# General > Reunions >  south school

## larsson

i would be intrested in finding some old school mates so is there any one out there        
around 1974>1980  ::

----------


## Eve M

I started South School in 1976 or 1977, Can't remember the exact year.  Who you looking for?  Maybe I can help.  ::

----------


## larsson

i am looking for people who would have started wick high in the year 1981.1982
but thanks for the reply  :Grin:

----------


## Eve M

I started Wick High in 1982, we must know each other  :Smile:

----------


## larsson

people in my class were norman macleod     graham banks   judith mowat                             mandy mackenzie    
that is just to name some
do u still live in wick 
what is your name  :Grin:

----------


## Eve M

I think they are a year or two older than me.  Are you still in Wick?

----------


## larsson

i thought we would be older than u
yes i still live in wick
but thanks for your reply

----------


## Eve M

Have you tried www.friendsreunited.co.uk?

----------


## Anonymous

hi there eve, larsson ,started about your time eve, was in the very first primary 1 in76/77 left in 83, remember the names in your class larsson but not sure their wearabouts

----------


## garrygb

Hi Larsson

I don't recall you but Graham (I think Norman was) in my class at the South School and WHS. Graham was a hard son of a b. Judith Mowat lived a couple of doors down from me and I used to hang out with her brother Andrew.  Judith is now married and I think own's a hotel out by John'o g.

----------


## Jud

Hi there,

I went to South School not sure which years, I think early 80's.  I know Andrew,  Judith's  brother. I see him when I come home.

----------


## garrygb

So Jud do I know you or do you know me?.

----------


## Jud

I am not sure Garry ! My name is Judith and I went to the South School from roughly 78-83. Cant remember that far back so it is only a guess. I am not Andrews sister she is a couple of years older than me.  But my brother and Andrew are very good friends infact he was my brothers best man last year.  Left Wick when I was young, well alot younger than I am now.  :-))

----------


## garrygb

I used to hang about with Andrew a lot when I was young. He wasn't in my class I'm older than him. I'm now 34 and not sure how old Andrew is, how old is your brother and what's your surname.

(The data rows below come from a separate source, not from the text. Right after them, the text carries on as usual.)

lemma multilinear_form_onI:
  assumes A: "finite A" and C: "finite C" and a: "\<And>q s. q \<in> C \<Longrightarrow> s \<in> A \<Longrightarrow> a q s < n"
    and F: "\<And>J. F J = (\<Sum>q\<in>C. c q * (\<Prod>s\<in>A. J s (a q s)))"
  shows "multilinear_form_on n A F"
proof -
  let ?P = "PiE A (\<lambda>_. {..<n})"
  define g where "g q = restrict (a q) A" for q
  define c' where "c' \<alpha> = (\<Sum>q\<in>{q\<in>C. g q = \<alpha>}. c q)" for \<alpha>
  have gC: "g ` C \<subseteq> ?P" using a unfolding g_def by auto
  have "F J = multilinear_eval n A c' J" for J
  proof -
    have "multilinear_eval n A c' J = (\<Sum>\<alpha>\<in>?P. \<Sum>q\<in>{q\<in>C. g q = \<alpha>}. c q * (\<Prod>s\<in>A. J s (g q s)))"
      unfolding multilinear_eval_def c'_def sum_distrib_right by (intro sum.cong) auto
    also have "\<dots> = (\<Sum>q\<in>C. c q * (\<Prod>s\<in>A. J s (g q s)))"
      by (rule sum.group[OF C _ gC]) (simp add: A finite_PiE)
    also have "\<dots> = F J"
      unfolding F g_def by (intro sum.cong refl arg_cong2[where f = "(*)"] prod.cong) auto
    finally show ?thesis by simp
  qed
  thus ?thesis unfolding multilinear_form_on_def by blast
qed

lemma multilinear_form_on_empty: "multilinear_form_on n {} (\<lambda>_. 1)"
  unfolding multilinear_form_on_def multilinear_eval_def by (auto intro!: exI[of _ "\<lambda>_. 1"])

lemma multilinear_form_on_mult:
  assumes A: "finite A" and B: "finite B" and AB: "A \<inter> B = {}"
    and F: "multilinear_form_on n A F" and G: "multilinear_form_on n B G"
  shows "multilinear_form_on n (A \<union> B) (\<lambda>J. F J * G J)"
proof -
  obtain c d where F: "F = multilinear_eval n A c" and G: "G = multilinear_eval n B d"
    using F G unfolding multilinear_form_on_def by blast
  define merge where "merge \<alpha>\<beta> s = (if s \<in> A then fst \<alpha>\<beta> s else snd \<alpha>\<beta> s)" for \<alpha>\<beta> :: "('a \<Rightarrow> nat) \<times> ('a \<Rightarrow> nat)" and s
  let ?C = "PiE A (\<lambda>_. {..<n}) \<times> PiE B (\<lambda>_. {..<n})"
  show ?thesis
  proof (rule multilinear_form_onI)
    show "finite ?C" using A B by (simp add: finite_PiE)
    show "merge q s < n" if "q \<in> ?C" "s \<in> A \<union> B" for q s
      using that unfolding merge_def by (auto simp: PiE_def Pi_def)
    fix J :: "'a \<Rightarrow> cvec"
    have split: "(\<Prod>s\<in>A. J s (\<alpha> s)) * (\<Prod>s\<in>B. J s (\<beta> s)) = (\<Prod>s\<in>A \<union> B. J s (merge (\<alpha>, \<beta>) s))"
      for \<alpha> \<beta>
      unfolding prod.union_disjoint[OF A B AB] merge_def using AB
      by (intro arg_cong2[where f = "(*)"] prod.cong) auto
    show "F J * G J = (\<Sum>q\<in>?C. (c (fst q) * d (snd q)) * (\<Prod>s\<in>A \<union> B. J s (merge q s)))"
      unfolding F G multilinear_eval_def sum_product sum.cartesian_product
      by (intro sum.cong refl) (auto simp: split[symmetric] mult_ac)
  qed (use A B in simp)
qed

lemma multilinear_form_on_prod:
  assumes "finite E" "\<And>e. e \<in> E \<Longrightarrow> finite e" "pairwise disjnt E"
    and "\<And>e. e \<in> E \<Longrightarrow> multilinear_form_on n e (F e)"
  shows "multilinear_form_on n (\<Union>E) (\<lambda>J. \<Prod>e\<in>E. F e J)"
  using assms
proof (induction E rule: finite_induct)
  case empty
  show ?case using multilinear_form_on_empty by simp
next
  case (insert e E)
  have "e \<inter> \<Union>E = {}"
    using insert.prems(2) insert.hyps(2) by (fastforce simp: pairwise_def disjnt_def)
  moreover have "multilinear_form_on n (\<Union>E) (\<lambda>J. \<Prod>e\<in>E. F e J)"
    using insert by (simp add: pairwise_insert)
  ultimately have "multilinear_form_on n (e \<union> \<Union>E) (\<lambda>J. F e J * (\<Prod>e\<in>E. F e J))"
    using insert by (intro multilinear_form_on_mult) auto
  thus ?case using insert.hyps by simp
qed

lemma finite_slices: "finite H \<Longrightarrow> finite (slices k H)"
proof -
  assume "finite H"
  moreover have "slices k H = (\<lambda>i. {x \<in> H. coord k x = i}) ` coord k ` H"
    unfolding slices_def by auto
  ultimately show ?thesis by simp
qed

lemma slice_subset: "e \<in> slices k H \<Longrightarrow> e \<subseteq> H"
  unfolding slices_def by auto

lemma Union_slices: "\<Union>(slices k H) = H"
  unfolding slices_def by auto

lemma pairwise_disjnt_slices: "pairwise disjnt (slices k H)"
  unfolding slices_def pairwise_def disjnt_def by auto

lemma bij_betw_nth_in_order:
  assumes "finite e" "inj_on rk e"
  shows "bij_betw (nth_in_order rk e) {..<card e} e"
proof -
  let ?xs = "sorted_list_of_set (rk ` e)"
  have "length ?xs = card e" using assms by (simp add: card_image)
  hence "bij_betw ((!) ?xs) {..<card e} (rk ` e)"
    by (intro bij_betw_nth) (use assms in auto)
  moreover have "bij_betw (inv_into e rk) (rk ` e) e"
    using assms by (simp add: bij_betw_inv_into inj_on_imp_bij_betw)
  ultimately have "bij_betw (inv_into e rk \<circ> (!) ?xs) {..<card e} e"
    by (rule bij_betw_trans)
  thus ?thesis unfolding nth_in_order_def comp_def .
qed

definition pos_in_order :: "(point \<Rightarrow> nat) \<Rightarrow> point set \<Rightarrow> point \<Rightarrow> nat" where
  "pos_in_order rk e = inv_into {..<card e} (nth_in_order rk e)"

I left Wick when I was 17ish (March 1985).

----------


## Jud

Gary,

I also left when I was around 18, my surname is Fraser maybe you know my older brother Jason he is around 33 I think or maybe 32. But both my brother hung about with Andrew or Panda as he was known then !! Not so much now adays though.

----------


## garrygb

Hi Jid,

I do remember someone called Fraser but I thought he was a relation of Andrew. God I forgot we called Andrew Panda I don't remember why?, thanks that's put a smile on my face   :Grin:  . So tell me about "Panda" the last I heard he was going out with someone in Thurso and they have a kid. He was a butcher in Wick and that's about it. I know Judith has a hotel by Kess or Ress somwhere and her Mum and Dad helps her out or works there. My Mum still keeps in contact with Judiths mum and dad (Mona and Andrew) but don't write that often.

g

----------


## Jud

G,  Yeah Andrew is in Thurso still but he got the Dounreay bug last year and is now working for them.  He has a boy who is really cute. He is a great dad it has changed him.  I cant remember either why he is called Panda not anymore though, everyone knows him as Bob.  I know why they call him that but it is a really long story and not very interesting, so wont go into it.  Maybe you know my other brother  Jared then.  What is you last name ??.  Did you live in the same street as Bob ?

J

----------


## Eve M

I was in Jared's class.  In fact he was my boyfriend for a wee while (P5) I think, lol.
Don't remember you very well though.  My memory aint what it used to be   ::

----------


## Jud

Eve,  Ahh ok , I know how you feel my memory aitn very good either.  He got married last year not sure if you still see him he now lives in Thurso.  Why is it half of Wick have moved to Thurso ??

J

----------


## garrygb

Yes I did live in the same street as Andrew, I used to live at 5 Bexley Terrace but move to 14 Lyndsay Drive on the other side of Wick and lost touch with him after a while. I'm glad to here he's doing well for himself.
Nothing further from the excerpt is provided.